# How can i find TDC on Tecumseh 12hp ovxl120?



## jcundiff (May 17, 2008)

Push rod slipped off rocker arm, need to put back on and reset valve lash etc. New to small engines, not sure if I need to find TDC first then reassemble ?? if so how do I find TDC, on cars its marked on the flywheel...not sure how to find tdc on this ohv 12 hp tecumseh motor. solid state ignition. can anyone help???? tractor is 1988 model.


----------



## phillipmc (Jan 27, 2008)

Pull the blower housing off to access the flywheel On the flyhweel is a magnent. Then look for the coil pack which sits almost touching the flyhweel where the spark plug wire comes from when the magnent is under the coil pack you are close pull the spark plug out and get a flash light shine in the spark plug hole you should see the piston when the piston stops its upstroke and just before starting its down stroke should be TDC. When you are adjusting your valve clearance make sure you adjust it to factory specs. Someone on here with access to manuals should know what that is.


----------



## 30yearTech (Sep 14, 2006)

You don't have to take the blower housing off or access the flywheel to find the TDC of your engine.
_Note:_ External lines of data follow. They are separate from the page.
(* Let $n\ge2$, $\mathbf b\in\mathbb R^{n-1}$ with $\mathbf b\notin\mathcal W^+_n(1,n-1)$, and $v>n$. For $Q>0$ let $\mathcal A(\mathbf b,v,Q)$ be the set of $x\in[0,1)$ for which $|p+(\tilde{\mathbf b}\mathbf q)x|<Q^{-v}$ for some $p\in\mathbb Z$ and $\mathbf q=(q_0,\dots,q_{n-1})^T\in\mathbb Z^n$ with $Q\le\|\mathbf q\|<2Q$, where $\tilde{\mathbf b}=(1,b_1,\dots,b_{n-1})$. Then there exists $C=C(\mathbf b,v)>0$ such that $|\mathcal A(\mathbf b,v,Q)|<CQ^{\frac{n-v}2}$ for all $Q>1$.
   Context: Sup-norms; $|\cdot|$ is Lebesgue measure. $\mathbf b\in\mathcal W_u(1,n-1)$ means there are infinitely many $\mathbf q\in\mathbb Z^{n-1}$ with $|\mathbf b\mathbf q+p|\le\|\mathbf q\|^{-u}$ for some $p\in\mathbb Z$; $\mathcal W^+_n(1,n-1)=\bigcup_{u>n}\mathcal W_u(1,n-1)$. *)

theory Defs
  imports "HOL-Analysis.Analysis"
begin

(* Vectors of varying dimension are represented as functions on nat with an
   explicit index set. Sup-norm of an integer vector over index set I. *)
definition supnorm :: "nat set \<Rightarrow> (nat \<Rightarrow> int) \<Rightarrow> real" where
  "supnorm I q = real_of_int (Max ((\<lambda>i. \<bar>q i\<bar>) ` I))"

definition W_u :: "nat \<Rightarrow> real \<Rightarrow> (nat \<Rightarrow> real) \<Rightarrow> bool" where
  "W_u n u b \<longleftrightarrow>
     infinite {q :: nat \<Rightarrow> int. (\<forall>i. i \<notin> {1..n-1} \<longrightarrow> q i = 0) \<and>
       (\<exists>p::int. \<bar>(\<Sum>i\<in>{1..n-1}. b i * of_int (q i)) + of_int p\<bar>
                   \<le> supnorm {1..n-1} q powr (- u))}"

definition W_plus :: "nat \<Rightarrow> (nat \<Rightarrow> real) \<Rightarrow> bool" where
  "W_plus n b \<longleftrightarrow> (\<exists>u > real n. W_u n u b)"

definition A_set :: "nat \<Rightarrow> (nat \<Rightarrow> real) \<Rightarrow> real \<Rightarrow> real \<Rightarrow> real set" where
  "A_set n b v Q = {x \<in> {0..<1}. \<exists>p::int. \<exists>q :: nat \<Rightarrow> int.
      (\<forall>i. i \<ge> n \<longrightarrow> q i = 0) \<and>
      Q \<le> supnorm {0..<n} q \<and> supnorm {0..<n} q < 2 * Q \<and>
      \<bar>of_int p + (of_int (q 0) + (\<Sum>i\<in>{1..n-1}. b i * of_int (q i))) * x\<bar> < Q powr (- v)}"

end

theory Submission
  imports Defs
begin

(*
  Write L(q) = q_0 + b_1 q_1 + ... + b_(n-1) q_(n-1) and fix n < u < v. Since b is not in
  W_u(1,n-1), |L(q)| >= c R^(-u) for all nonzero integer vectors q of sup-norm at most R:
  the finitely many exceptional vectors are handled by their positive distance from the
  integers, and an exact relation L(q) = 0 would make all multiples of q exceptional.

  A(b,v,Q) is covered by the sets {x in [0,1). dist(L(q) x, Z) < Q^(-v)} over the nonzero q
  with |q| <= 2Q, each a union of intervals of total length at most 4 Q^(-v) + 6 Q^(-v) / |L(q)|.
  There are at most (5Q)^n such q, and their values L(q) are delta-separated with
  delta = c (4Q)^(-u) and of size O(Q), so each shell [j delta, (j+1) delta) contains at most
  two of them and the sum of the 1/|L(q)| is O(Q^u log Q). The total, O(Q^(n-v) + Q^(u-v) log Q),
  is O(Q^((n-v)/2)) for u = (3n+v)/4.
*)

section \<open>Measure of near-integer multiples\<close>

definition near_int_set :: "real \<Rightarrow> real \<Rightarrow> real set" where
  "near_int_set L \<epsilon> = {x \<in> {0..<1}. \<exists>p::int. \<bar>of_int p + L * x\<bar> < \<epsilon>}"

lemma measure_le_fmeasurable_superset:
  assumes "A \<subseteq> B" "B \<in> fmeasurable M"
  shows "measure M A \<le> measure M B"
proof (cases "A \<in> sets M")
  case True
  then show ?thesis using assms by (intro measure_mono_fmeasurable)
next
  case False
  then show ?thesis by (simp add: measure_notin_sets)
qed
(* Every IC and IR mechanism that is not floor-randomized is dominated by a floor-randomized mechanism.
   Context: Setting. Let $\Theta=[\underline\theta,\overline\theta]$ with $0<\underline\theta<\overline\theta$. Let $c>0$ and let $P:\mathbb R_+\to\mathbb R_+$ be continuous and strictly decreasing with $P(\overline q)=0$ for some $\overline q>0$. Put $V(q)=\int_0^q P(z)\,dz$ and $\mathrm{TS}(\theta,q)=V(q)-c-\theta q$ for $q>0$, $\mathrm{TS}(\theta,0)=0$. Assume (A2): $\mathrm{TS}(\overline\theta,P^{-1}(\overline\theta))>0$. A mechanism is a triple $M=(r,q,u)$ of functions $r:\Theta\to[0,1]$, $q:\Theta\to[0,\overline q]$, $u:\Theta\to\mathbb R$ with $q(\theta)=0$ if and only if $r(\theta)=0$. It is IC if $u(\theta)\ge u(\theta')+(\theta'-\theta)q(\theta')r(\theta')$ for all $\theta,\theta'\in\Theta$, and IR if $u(\theta)\ge 0$ for all $\theta$. (Known fact: $M$ is IC iff $\theta\mapsto q(\theta)r(\theta)$ is nonincreasing and $u(\theta)=u(\overline\theta)+\int_\theta^{\overline\theta}q(z)r(z)\,dz$ for all $\theta$; an IC mechanism is IR iff $u(\overline\theta)\ge0$.) Fix $\alpha\in[0,1)$. The regulator's surplus at $\theta$ is $\mathrm{RS}_\alpha(\theta,M)=r(\theta)\,\mathrm{TS}(\theta,q(\theta))-(1-\alpha)u(\theta)$. An IC and IR mechanism $\tilde M$ dominates an IC and IR mechanism $M$ if $\mathrm{RS}_\alpha(\theta,\tilde M)\ge \mathrm{RS}_\alpha(\theta,M)$ for all $\theta\in\Theta$ with strict inequality for some $\theta$; $M$ is undominated if it is IC, IR and not dominated by any IC and IR mechanism. The quantity floor $\hat q$ is the unique $q>0$ with $V(q)-qP(q)=c$. A mechanism $(r,q,u)$ is floor-randomized if it is IC, IR, $u(\overline\theta)=0$, and $\Theta$ can be partitioned into three pairwise disjoint (possibly empty) intervals $\Theta_1,\Theta_{01},\Theta_0$, with every element of $\Theta_0$ larger than every element of $\Theta_{01}$ and every element of $\Theta_{01}$ larger than every element of $\Theta_1$, such that: $q(\theta)\ge\hat q$ and $r(\theta)=1$ for $\theta\in\Theta_1$; $q(\theta)=\hat q$ and $r(\theta)\in(0,1)$ for $\theta\in\Theta_{01}$; $q(\theta)=r(\theta)=0$ for $\theta\in\Theta_0$. *)

theory Defs
  imports "HOL-Analysis.Analysis"
begin

text \<open>A mechanism is a triple (r, q, u) of real functions; only their values on
  the type space Theta = {tlo..thi} matter.\<close>
type_synonym mech = "(real \<Rightarrow> real) \<times> (real \<Rightarrow> real) \<times> (real \<Rightarrow> real)"

definition V :: "(real \<Rightarrow> real) \<Rightarrow> real \<Rightarrow> real" where
  "V P q = integral {0..q} P"

definition TS :: "(real \<Rightarrow> real) \<Rightarrow> real \<Rightarrow> real \<Rightarrow> real \<Rightarrow> real" where
  "TS P c \<theta> q = (if q = 0 then 0 else V P q - c - \<theta> * q)"

definition is_mechanism :: "real \<Rightarrow> real \<Rightarrow> real \<Rightarrow> mech \<Rightarrow> bool" where
  "is_mechanism tlo thi qbar M = (case M of (r, q, u) \<Rightarrow>
     (\<forall>\<theta>\<in>{tlo..thi}. 0 \<le> r \<theta> \<and> r \<theta> \<le> 1 \<and> 0 \<le> q \<theta> \<and> q \<theta> \<le> qbar
        \<and> (q \<theta> = 0 \<longleftrightarrow> r \<theta> = 0)))"

definition IC :: "real \<Rightarrow> real \<Rightarrow> mech \<Rightarrow> bool" where
  "IC tlo thi M = (case M of (r, q, u) \<Rightarrow>
     (\<forall>\<theta>\<in>{tlo..thi}. \<forall>\<theta>'\<in>{tlo..thi}. u \<theta> \<ge> u \<theta>' + (\<theta>' - \<theta>) * q \<theta>' * r \<theta>'))"

definition IR :: "real \<Rightarrow> real \<Rightarrow> mech \<Rightarrow> bool" where
  "IR tlo thi M = (case M of (r, q, u) \<Rightarrow> (\<forall>\<theta>\<in>{tlo..thi}. u \<theta> \<ge> 0))"

definition IC_IR :: "real \<Rightarrow> real \<Rightarrow> real \<Rightarrow> mech \<Rightarrow> bool" where
  "IC_IR tlo thi qbar M = (is_mechanism tlo thi qbar M \<and> IC tlo thi M \<and> IR tlo thi M)"

definition RS :: "(real \<Rightarrow> real) \<Rightarrow> real \<Rightarrow> real \<Rightarrow> real \<Rightarrow> mech \<Rightarrow> real" where
  "RS P c \<alpha> \<theta> M = (case M of (r, q, u) \<Rightarrow> r \<theta> * TS P c \<theta> (q \<theta>) - (1 - \<alpha>) * u \<theta>)"

definition dominates :: "(real \<Rightarrow> real) \<Rightarrow> real \<Rightarrow> real \<Rightarrow> real \<Rightarrow> real \<Rightarrow> real \<Rightarrow> mech \<Rightarrow> mech \<Rightarrow> bool" where
  "dominates P c \<alpha> tlo thi qbar M' M =
     (IC_IR tlo thi qbar M' \<and> IC_IR tlo thi qbar M \<and>
      (\<forall>\<theta>\<in>{tlo..thi}. RS P c \<alpha> \<theta> M' \<ge> RS P c \<alpha> \<theta> M) \<and>
      (\<exists>\<theta>\<in>{tlo..thi}. RS P c \<alpha> \<theta> M' > RS P c \<alpha> \<theta> M))"

definition qfloor :: "(real \<Rightarrow> real) \<Rightarrow> real \<Rightarrow> real" where
  "qfloor P c = (THE q. q > 0 \<and> V P q - q * P q = c)"

definition floor_randomized :: "(real \<Rightarrow> real) \<Rightarrow> real \<Rightarrow> real \<Rightarrow> real \<Rightarrow> real \<Rightarrow> mech \<Rightarrow> bool" where
  "floor_randomized P c tlo thi qbar M = (case M of (r, q, u) \<Rightarrow>
     IC_IR tlo thi qbar M \<and> u thi = 0 \<and>
     (\<exists>T1 T01 T0. is_interval T1 \<and> is_interval T01 \<and> is_interval T0 \<and>
        T1 \<inter> T01 = {} \<and> T1 \<inter> T0 = {} \<and> T01 \<inter> T0 = {} \<and>
        T1 \<union> T01 \<union> T0 = {tlo..thi} \<and>
        (\<forall>x\<in>T0. \<forall>y\<in>T01. y < x) \<and> (\<forall>x\<in>T01. \<forall>y\<in>T1. y < x) \<and>
        (\<forall>x\<in>T0. \<forall>y\<in>T1. y < x) \<and>
        (\<forall>\<theta>\<in>T1. q \<theta> \<ge> qfloor P c \<and> r \<theta> = 1) \<and>
        (\<forall>\<theta>\<in>T01. q \<theta> = qfloor P c \<and> 0 < r \<theta> \<and> r \<theta> < 1) \<and>
        (\<forall>\<theta>\<in>T0. q \<theta> = 0 \<and> r \<theta> = 0)))"

end

theory Submission
  imports Defs
begin

text \<open>Only the expected quantity x = q r enters the incentive constraints, and IC forces it
  to be nonincreasing. At a type \<theta> with x > 0 the surplus r TS(\<theta>, q) equals
  x ((V(q) - c)/q - \<theta>), and the average value (V(q) - c)/q is single-peaked with its peak at
  the quantity floor, where its derivative (c - V(q) + q P(q))/q^2 vanishes. As q \<ge> x, the
  surplus is maximized by q' = max qfloor x and r' = x/q'; this keeps x and hence IC, and
  lowering u by u(thi) keeps IR while raising RS by (1 - \<alpha>) u(thi) \<ge> 0. If no type gains
  strictly, then u(thi) = 0 and already q = max qfloor x wherever x > 0, which makes the
  original mechanism floor-randomized.\<close>

definition unit_surplus :: "(real \<Rightarrow> real) \<Rightarrow> real \<Rightarrow> real \<Rightarrow> real" where
  "unit_surplus P c q = (V P q - c) / q"

lemma TS_eq_unit_surplus: "q \<noteq> 0 \<Longrightarrow> TS P c \<theta> q = q * (unit_surplus P c q - \<theta>)"
  unfolding TS_def unit_surplus_def by (simp add: field_simps)

locale demand =
  fixes P :: "real \<Rightarrow> real"
  assumes continuous_P: "continuous_on {0..} P"
    and P_strict_decreasing: "\<And>x y. 0 \<le> x \<Longrightarrow> x < y \<Longrightarrow> P y < P x"
begin

lemma integrable_P: "0 \<le> a \<Longrightarrow> P integrable_on {a..b}"
  by (rule integrable_continuous_interval, rule continuous_on_subset[OF continuous_P]) auto

lemma V_diff:
  assumes "0 \<le> a" "a \<le> b"
  shows "V P b - V P a = integral {a..b} P"
  using Henstock_Kurzweil_Integration.integral_combine[OF assms integrable_P[OF order_refl]]
  unfolding V_def by simp

lemma continuous_on_V: "continuous_on {0..b} (V P)"
  unfolding V_def using indefinite_integral_continuous_1[OF integrable_P[OF order_refl]] by simp

lemma V_diff_bounds:
  assumes "0 \<le> a" "a < b"
  shows "(b - a) * P b < V P b - V P a" "V P b - V P a < (b - a) * P a"
proof -
  have cont: "continuous_on {a..b} P"
    by (rule continuous_on_subset[OF continuous_P]) (use assms in auto)
  have ne: "{a<..<b} \<noteq> {}" using assms by auto
  have "integral {a..b} (\<lambda>_. P b) < integral {a..b} P"
    by (rule integral_less_real[OF continuous_on_const cont ne])
      (use P_strict_decreasing assms in auto)
  moreover have "integral {a..b} P < integral {a..b} (\<lambda>_. P a)"
    by (rule integral_less_real[OF cont continuous_on_const ne])
      (use P_strict_decreasing assms in auto)
  ultimately show "(b - a) * P b < V P b - V P a" "V P b - V P a < (b - a) * P a"
    using V_diff[of a b] assms by (simp_all add: mult.commute)
qed

lemma consumer_surplus_strict_mono:
  assumes "0 \<le> a" "a < b"
  shows "V P a - a * P a < V P b - b * P b"
proof -
  have "a * P b \<le> a * P a"
    using P_strict_decreasing[OF assms] assms(1) by (intro mult_left_mono) auto
  with V_diff_bounds(1)[OF assms] show ?thesis by (simp add: algebra_simps)
qed

lemma P_less_imp_less:
  assumes "0 \<le> b" "P b < P a"
  shows "a < b"
  using P_strict_decreasing[of b a] assms by (cases a b rule: linorder_cases) auto

lemma qfloor_eqI:
  assumes "0 < f" "V P f - f * P f = c"
  shows "qfloor P c = f"
  unfolding qfloor_def
proof (rule the_equality)
  show "0 < f \<and> V P f - f * P f = c" using assms by simp
  show "g = f" if "0 < g \<and> V P g - g * P g = c" for g
    using that assms consumer_surplus_strict_mono[of g f] consumer_surplus_strict_mono[of f g]
    by (cases g f rule: linorder_cases) auto
qed

lemma qfloor_exists:
  assumes "0 < c" "0 \<le> q" "c < V P q - q * P q"
  shows "0 < qfloor P c" "qfloor P c < q" "V P (qfloor P c) - qfloor P c * P (qfloor P c) = c"
proof -
  have "continuous_on {0..q} (\<lambda>z. V P z - z * P z)"
    by (intro continuous_intros continuous_on_V continuous_on_subset[OF continuous_P]) auto
  then obtain f where f: "0 \<le> f" "f \<le> q" "V P f - f * P f = c"
    using IVT'[of "\<lambda>z. V P z - z * P z" 0 c q] assms by (auto simp: V_def)
  have "f \<noteq> 0" using f(3) assms(1) by (auto simp: V_def)
  with f have "0 < f" by simp
  moreover have "f \<noteq> q" using f(3) assms(3) by auto
  ultimately show "0 < qfloor P c" "qfloor P c < q"
      "V P (qfloor P c) - qfloor P c * P (qfloor P c) = c"
    using qfloor_eqI[of f c] f by auto
qed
Go ahead and reassemble the valves and remove the spark plug, rotate the engine over slowly while observing the valve operation, after the intake valve closes slip a screw driver or other probe into the spark plug hole and continue rotating the crankshaft. The probe will be pushed upward as the piston approaches TDC. When the probe starts to slightly drop back down, stop this is the position for adjusting the valves.

Everyone on this forum has access to the service manuals for many of the engines discussed on here. The links are in the sticky post of the 4 cycle engine thread. In case you can't find it, for your engine the setting is .004" for both intake and exhaust.

Best of Luck...


----------



## jcundiff (May 17, 2008)

Thanks a bunch for the info!


----------